definition alpha_mix :: "'a measure \<Rightarrow> (int \<Rightarrow> 'a) measure \<Rightarrow> nat \<Rightarrow> real" where
  "alpha_mix M0 P m = Sup {\<bar>measure P (A \<inter> B) - measure P A * measure P B\<bar> | k A B.
      A \<in> sets (coord_alg M0 {0..int k}) \<and> B \<in> sets (coord_alg M0 {int k + int m..})}"

definition beta1 :: "'a measure \<Rightarrow> (int \<Rightarrow> 'a) measure \<Rightarrow> ((int \<Rightarrow> 'a) \<Rightarrow> real) \<Rightarrow> nat \<Rightarrow> real" where
  "beta1 M0 P g r = (\<integral>\<omega>. \<bar>g \<omega> - real_cond_exp P (coord_alg M0 {- int r..int r}) g \<omega>\<bar> \<partial>P)"

end

theory Submission
  imports Defs "HOL-Real_Asymp.Real_Asymp"
begin

text \<open>
Fix a scale r, let h = E[g | F_r] and, for t < 1 and \<delta> > 0, let L = {h < t + \<delta>}, an event in F_r
of probability q. By Markov's inequality g < t + 2\<delta> on L outside an event of probability
\<beta>_1(r)/\<delta>, and q \<ge> P(g \<le> t) - \<beta>_1(r)/\<delta>. The translates of L centred at 3rw + r depend on the
coordinates in windows [3rw, 3rw + 2r], consecutive windows being separated by gaps of length r,
so strong mixing shows inductively that N consecutive translates all miss L with probability at
most (1 - q)^N + N \<alpha>(r). Splitting KN windows into K groups of N, the product g_{\<omega>,n} (for
n \<ge> 3r(KN + 1)) has at least K factors below t + 2\<delta>, except on an event of probability at most
KN \<beta>_1(r)/\<delta> + K((1 - q)^N + N \<alpha>(r)). Take \<epsilon> = 1 - E g, t = 1 - \<epsilon>/2, \<delta> = \<epsilon>/6, r \<approx> n^x and
K = N \<approx> n^((1-x)/3): the geometric terms decay faster than any power of n, and
K^2 (\<beta>_1(r) + \<alpha>(r)) \<le> n r^(-M-1) = O(n^(1 - x(M+1))).
\<close>

lemma prod_le_power_card:
  fixes f :: "'a \<Rightarrow> real"
  assumes "finite A" "C \<subseteq> A"
    and "\<And>x. x \<in> A \<Longrightarrow> 0 \<le> f x \<and> f x \<le> 1" and "\<And>x. x \<in> C \<Longrightarrow> f x \<le> s"
  shows "prod f A \<le> s ^ card C"
proof -
  have "prod f A = prod f (A - C) * prod f C"
    by (rule prod.subset_diff[OF assms(2,1)])
  also have "\<dots> \<le> 1 * prod f C"
    using assms(2,3) by (intro mult_right_mono prod_le_1 prod_nonneg) auto
  also have "\<dots> \<le> (\<Prod>x\<in>C. s)"
    unfolding mult_1 using assms(2-4) by (intro prod_mono) auto
  finally show ?thesis
    by simp
qed

lemma (in prob_space) integral_le_plus_measure:
  assumes "integrable M f" "A \<in> sets M" "\<And>x. x \<in> space M \<Longrightarrow> f x \<le> c + indicator A x"
  shows "(\<integral>x. f x \<partial>M) \<le> c + measure M A"
proof -
  have "(\<integral>x. f x \<partial>M) \<le> (\<integral>x. c + indicator A x \<partial>M)"
    using assms by (intro integral_mono) (auto simp: emeasure_eq_measure)
  also have "\<dots> = c + measure M A"
    using assms(2) by (subst Bochner_Integration.integral_add) (auto simp: emeasure_eq_measure prob_space)
  finally show ?thesis .
qed

lemma poly_geometric_le_powr:
  fixes \<rho> p :: real
  assumes "0 < \<rho>" "\<rho> < 1"
  obtains C where "0 < C" "\<And>k. 1 \<le> k \<Longrightarrow> (real k + 1) * \<rho> ^ k \<le> C * real k powr (- p)"
proof -
  define c where "c = ln \<rho>"
  have "c < 0"
    unfolding c_def using assms by simp
  then have "(\<lambda>k::nat. (real k + 1) * exp (real k * c) * real k powr p) \<longlonglongrightarrow> 0"
    by real_asymp
  then have "Bseq (\<lambda>k::nat. (real k + 1) * exp (real k * c) * real k powr p)"
    by (intro convergent_imp_Bseq convergentI)
  then obtain C where C: "0 < C" "\<And>k::nat. norm ((real k + 1) * exp (real k * c) * real k powr p) \<le> C"
    by (auto elim: BseqE)
  have bound: "(real k + 1) * \<rho> ^ k \<le> C * real k powr (- p)" if "1 \<le> k" for k :: nat
  proof -
    have \<rho>_pow: "\<rho> ^ k = exp (real k * c)"
      unfolding c_def exp_of_nat_mult using assms by simp
    have powr_inverse: "real k powr p * real k powr (- p) = 1"
      using that by (simp add: powr_add[symmetric])
    have "(real k + 1) * \<rho> ^ k
        = (real k + 1) * exp (real k * c) * (real k powr p * real k powr (- p))"
      unfolding \<rho>_pow powr_inverse by simp
    also have "\<dots> = ((real k + 1) * exp (real k * c) * real k powr p) * real k powr (- p)"
      by (simp only: mult.assoc)
    also have "\<dots> \<le> C * real k powr (- p)"
      using C(2)[of k] by (intro mult_right_mono) auto
    finally show ?thesis .
  qed
  show ?thesis
    using C(1) bound by (rule that)
qed

lemma real_nat_floor_bounds:
  fixes z :: real
  assumes "1 \<le> z"
  shows "1 \<le> nat \<lfloor>z\<rfloor>" "z / 2 \<le> real (nat \<lfloor>z\<rfloor>)" "real (nat \<lfloor>z\<rfloor>) \<le> z"
proof -
  have "1 \<le> \<lfloor>z\<rfloor>"
    using assms by (simp add: le_floor_iff)
  moreover have "z < real_of_int \<lfloor>z\<rfloor> + 1"
    by linarith
  moreover have "real (nat \<lfloor>z\<rfloor>) = real_of_int \<lfloor>z\<rfloor>"
    using \<open>1 \<le> \<lfloor>z\<rfloor>\<close> by simp
  ultimately show "1 \<le> nat \<lfloor>z\<rfloor>" "z / 2 \<le> real (nat \<lfloor>z\<rfloor>)" "real (nat \<lfloor>z\<rfloor>) \<le> z"
    by linarith+
qed
definition step :: "nat \<Rightarrow> state \<Rightarrow> state \<Rightarrow> bool" where
  "step p s s' = (case snd s of
      None \<Rightarrow> (\<exists>x\<in>fst s p. fst s' = (fst s)(p := fst s p - {x}) \<and> snd s' = Some (fst x, snd x))
    | Some (l, r) \<Rightarrow>
        (\<exists>x\<in>fst s p. has_num l x \<and> fst s' = (fst s)(p := fst s p - {x}) \<and> snd s' = Some (other_num l x, r))
      \<or> (\<exists>x\<in>fst s p. has_num r x \<and> fst s' = (fst s)(p := fst s p - {x}) \<and> snd s' = Some (l, other_num r x))
      \<or> ((\<not> (\<exists>x\<in>fst s p. has_num l x \<or> has_num r x)) \<and> s' = s))"

definition blocked :: "state \<Rightarrow> bool" where
  "blocked s = (\<exists>l r. snd s = Some (l, r) \<and>
                 (\<forall>p<4. \<not> (\<exists>x\<in>fst s p. has_num l x \<or> has_num r x)))"

text \<open>A legal game (list of successive states) ending in a tranca: starts from a deal
  with empty board, every turn is legal, no player ever runs out of tiles (so the game
  never ends by domino), no earlier position is a tranca, and the last position is one.\<close>
definition tranca_game :: "state list \<Rightarrow> bool" where
  "tranca_game ss = (ss \<noteq> [] \<and> is_deal (fst (hd ss)) \<and> snd (hd ss) = None \<and>
     (\<forall>k < length ss - 1. step (k mod 4) (ss ! k) (ss ! (k + 1))) \<and>
     (\<forall>k < length ss. \<forall>p<4. fst (ss ! k) p \<noteq> {}) \<and>
     (\<forall>k < length ss - 1. \<not> blocked (ss ! k)) \<and>
     blocked (last ss))"

definition team_pips :: "(nat \<Rightarrow> tile set) \<Rightarrow> nat set \<Rightarrow> nat" where
  "team_pips h T = (\<Sum>p\<in>T. \<Sum>x\<in>h p. pips x)"
lemma scale_add: "scale c (x + y) = scale c x + scale c y"
  by (simp add: scale_def distrib_left)

lemma scale_diff: "scale c (x - y) = scale c x - scale c y"
  by (simp add: scale_def right_diff_distrib)

lemma scale_minus: "scale c (- y) = - scale c y"
  by (simp add: scale_def)

lemma scale_uminus_left: "scale (- c) x = - scale c x"
  by (simp add: scale_def single_uminus)

lemma scale_one [simp]: "scale 1 x = x"
  by (simp add: scale_def)

lemma scale_single: "scale c (Poly_Mapping.single k e) = Poly_Mapping.single k (c * e)"
  by (simp add: scale_def mult_single)

lemmas scale_simps = scale_mult_right scale_mult_left scale_scale scale_add scale_diff scale_minus

definition skew :: "('g::ab_group_add,'k::field) galg \<Rightarrow> ('g,'k) galg \<Rightarrow> 'k \<Rightarrow> ('g,'k) galg" where
  "skew x y p = x * y - scale p (y * x)"

lemma skew_diff_skew:
  "skew a b p - skew a' b' p = (a - a') * b + a' * (b - b') - scale p ((b - b') * a + b' * (a - a'))"
  unfolding skew_def by (simp add: algebra_simps scale_simps)

lemma skew_assoc_defect:
  "skew (skew u v puv) w (puw * pvw) - skew u (skew v w pvw) (puv * puw)
     = - scale puv (v * skew u w puw) + scale pvw (skew u w puw * v)"
  unfolding skew_def by (simp add: algebra_simps scale_simps)

lemma skew_right_skew:
  "skew u (skew v w pvw) (puv * puw)
     = skew u v puv * w + scale puv (v * skew u w puw)
       - scale pvw (skew u w puw * v + scale puw (w * skew u v puv))"
  unfolding skew_def by (simp add: algebra_simps scale_simps)

lemma skew_swap: "p * p' = 1 \<Longrightarrow> scale (- p) (skew a b p') = skew b a p"
  unfolding skew_def by (simp add: scale_simps scale_uminus_left)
● ● ●
> **ASSIGNMENT**: Extract from the listing above the lines between the line containing "by real_asymp" and the line containing "using \<open>1 \<le>", keeping both of those lines. Output nothing else.

> **EXERCISE OUTPUT**:
    by real_asymp
  then have "Bseq (\<lambda>k::nat. (real k + 1) * exp (real k * c) * real k powr p)"
    by (intro convergent_imp_Bseq convergentI)
  then obtain C where C: "0 < C" "\<And>k::nat. norm ((real k + 1) * exp (real k * c) * real k powr p) \<le> C"
    by (auto elim: BseqE)
  have bound: "(real k + 1) * \<rho> ^ k \<le> C * real k powr (- p)" if "1 \<le> k" for k :: nat
  proof -
    have \<rho>_pow: "\<rho> ^ k = exp (real k * c)"
      unfolding c_def exp_of_nat_mult using assms by simp
    have powr_inverse: "real k powr p * real k powr (- p) = 1"
      using that by (simp add: powr_add[symmetric])
    have "(real k + 1) * \<rho> ^ k
        = (real k + 1) * exp (real k * c) * (real k powr p * real k powr (- p))"
      unfolding \<rho>_pow powr_inverse by simp
    also have "\<dots> = ((real k + 1) * exp (real k * c) * real k powr p) * real k powr (- p)"
      by (simp only: mult.assoc)
    also have "\<dots> \<le> C * real k powr (- p)"
      using C(2)[of k] by (intro mult_right_mono) auto
    finally show ?thesis .
  qed
  show ?thesis
    using C(1) bound by (rule that)
qed

lemma real_nat_floor_bounds:
  fixes z :: real
  assumes "1 \<le> z"
  shows "1 \<le> nat \<lfloor>z\<rfloor>" "z / 2 \<le> real (nat \<lfloor>z\<rfloor>)" "real (nat \<lfloor>z\<rfloor>) \<le> z"
proof -
  have "1 \<le> \<lfloor>z\<rfloor>"
    using assms by (simp add: le_floor_iff)
  moreover have "z < real_of_int \<lfloor>z\<rfloor> + 1"
    by linarith
  moreover have "real (nat \<lfloor>z\<rfloor>) = real_of_int \<lfloor>z\<rfloor>"
    using \<open>1 \<le> \<lfloor>z\<rfloor>\<close> by simp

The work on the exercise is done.